Mutual Funds, Bonds, Interest Rates and Bubbles

Almost every investor in the country owns a bond. This ownership might be via bond mutual funds, investments in individual bonds be it corporate, government or municipal, or through the widely used target date funds. Each is prone to its own troubles.

Bond mutual funds, even though they are managed by expert managers, may be so burdened by the underlying investments as to hide or mask the trouble that may be brewing in this market.

Individual bonds are influenced by the health of a company, the ability of the government to retain its high credit rating or in the case of the municipality, pay off the debt it is owed to those who invested.

Target date funds, the darling of the auto-enrolled 401(k) participant may contain the most trouble in part because you don’t have a good bead on what is owned and in many cases, in what proportion.

There are some essential elements of a bond that many simply do not grasp to its fullest. Not the least of which is the effect that interest rates have on these investments. In short, bonds are loans and the way these borrowers pay you back is with the agreed upon interest. Many bond issuers simply refinance those bonds to pay that interest. But what if the interest rate isn’t favorable to such financial restructuring?

So let’s talk interest rates for a moment and some of the assumed beliefs you may have.

The trickle up effect

We often put a good deal of the emphasis on the Federal Reserve bank and their presumed control over all interest rates. They lend to the largest banks in what is called an overnight rate. Banks increase that rate to consumers at each level of lending, the last rung being the consumer loan for a mortgage or a personal loan.

Those rates are determined by demand, the market forces at play and in many instances, inflation and/or governmental budgetary needs (deficits). The Fed looks at money supply, the other half of the demand equation and depending on how much is circulating – too much and the interest rates remain low, too little and they increase. Sometimes.

Sometimes fear increases those rates as well. Growth forecasts and a strengthening economy normally lead to more demand for capital which leads to higher interest rates. Add to that the increasing possibility that inflation will rise as well. gives everyone who borrows the jitters. They know, should these things happen, the Fed will raise interest rates in the name of stabilizing the economy.

The emerging market conundrum

The world is global – while an oxymoron as a stand alone phrase, it represents a growth not previously seen in the decades prior to this one. Emerging economies are building at a pace that is much faster than anyone anticipated.

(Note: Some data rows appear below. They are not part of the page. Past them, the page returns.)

(* Let $D$ be an infinite commutative unital integral domain. The weak graded identities $y_1y_2-y_2y_1$, $z_1z_2z_3-z_3z_2z_1$ and $y_1z_1+z_1y_1$ form a basis of the weak graded identities of the pair $(M_2(D),sl_2(D))$; that is, $Id(M_2(D),sl_2(D))$ equals the ideal of weak graded identities generated by these three polynomials.
   Context: Let $Y=\{y_1,y_2,\dots\}$ and $Z=\{z_1,z_2,\dots\}$ be disjoint countable sets of variables, $X=Y\cup Z$, and $D\langle X\rangle$ the free unital associative $D$-algebra on $X$, $\mathbb{Z}_2$-graded with the $y_i$ even and the $z_i$ odd. Let $L\langle X\rangle$ be the Lie subalgebra of $D\langle X\rangle$ (bracket $[a,b]=ab-ba$) generated by $X$, with induced grading $L\langle X\rangle^{(0)}\oplus L\langle X\rangle^{(1)}$. An ideal of weak graded identities is a two-sided ideal $J$ of $D\langle X\rangle$ closed under every algebra endomorphism of $D\langle X\rangle$ mapping each $y_i$ into $L\langle X\rangle^{(0)}$ and each $z_i$ into $L\langle X\rangle^{(1)}$; the ideal of weak graded identities generated by a set of polynomials is the smallest such ideal containing it. $M_2(D)$ is graded with diagonal matrices even and off-diagonal matrices odd; $sl_2(D)$ is the Lie algebra of traceless matrices with the induced grading. $Id(M_2(D),sl_2(D))$ is the set of $f(y_1,\dots,y_k,z_1,\dots,z_m)\in D\langle X\rangle$ vanishing under every substitution of each $y_i$ by an even element of $sl_2(D)$ and each $z_j$ by an odd element of $sl_2(D)$. *)

theory Defs
  imports "HOL-Analysis.Analysis" "HOL-Library.Poly_Mapping"
begin

text \<open>Variables: Yv i is y_i (even), Zv i is z_i (odd).\<close>
datatype var = Yv nat | Zv nat

datatype word = Word (word_letters: "var list")

instantiation word :: monoid_add
begin
definition zero_word :: word where "zero_word = Word []"
definition plus_word :: "word \<Rightarrow> word \<Rightarrow> word" where
  "plus_word u v = Word (word_letters u @ word_letters v)"
instance
  by standard (simp_all add: zero_word_def plus_word_def)
end

text \<open>D<X>: finitely supported D-valued functions on words, with convolution product
  (i.e. the free unital associative D-algebra on X).\<close>
type_synonym 'a ncpoly = "word \<Rightarrow>\<^sub>0 'a"

definition var :: "var \<Rightarrow> 'a::ring_1 ncpoly" where
  "var v = Poly_Mapping.single (Word [v]) 1"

Much of this growth is coming from China but there are numerous other economies doing the same thing on a slightly smaller scale.

The flip side of that growth is investment and investment needs money and countries, faced with growing populations who no longer worry about saving, instead shifting to spending, force borrowing. This will increase interest rates – probably sooner than we expect. many of us have experienced low interest rates for so long, we consider it to be the norm.

Consumers: should you save or should you spend?

The most common answer is to spend. Popular economic theory is that if consumers fail to spend, the economy will languish. This is actually not the whole truth. If interest rates are low, it would pay for infrastructure improvements much more cheaply than otherwise – and these improvements are necessary if corporations expect to become more efficient in their production of goods and services.

The bottom line, a healthy savings rate actually adds to the improvements that need to be made. It doesn’t suggest that folks won’t spend. But it does prompt companies – at least in theory to do a better job enticing you to do so.

Is mortgage deductibility important?

Possibly but the impact is lower and more specific than many suggest. Lower interest rates on home loans entice borrowers to buy more house than they need, refinance to increase their debt and those actions pour more money into the economy. Yet at the same time, estimates of lost revenue to the federal government have been estimated to be as high as $104 billion a year.

Raise those interest rates

No doubt, we expect interest rates to remain low. But they should be inching up. According to Richard Dobbs, director in McKinsey’s Seoul office and a director of the McKinsey Global Institute (MGI) and Susan Lund is director of research at MGI, higher interest rates would “also limit financial bubbles, restraining speculative and heavily leveraged investment while encouraging more investment that would actually raise the economy’s potential growth rate, such as expanding the country’s broadband network, developing new green technologies, and rebuilding aging infrastructure.”

The authors of that report also suggest, a rightly so, that “higher rates would also focus executives’ attention on the return that companies earn on their capital, prodding them to make sure they get more bang for each buck. This could boost the nation’s productivity, which is the key to raising standards of living over time.”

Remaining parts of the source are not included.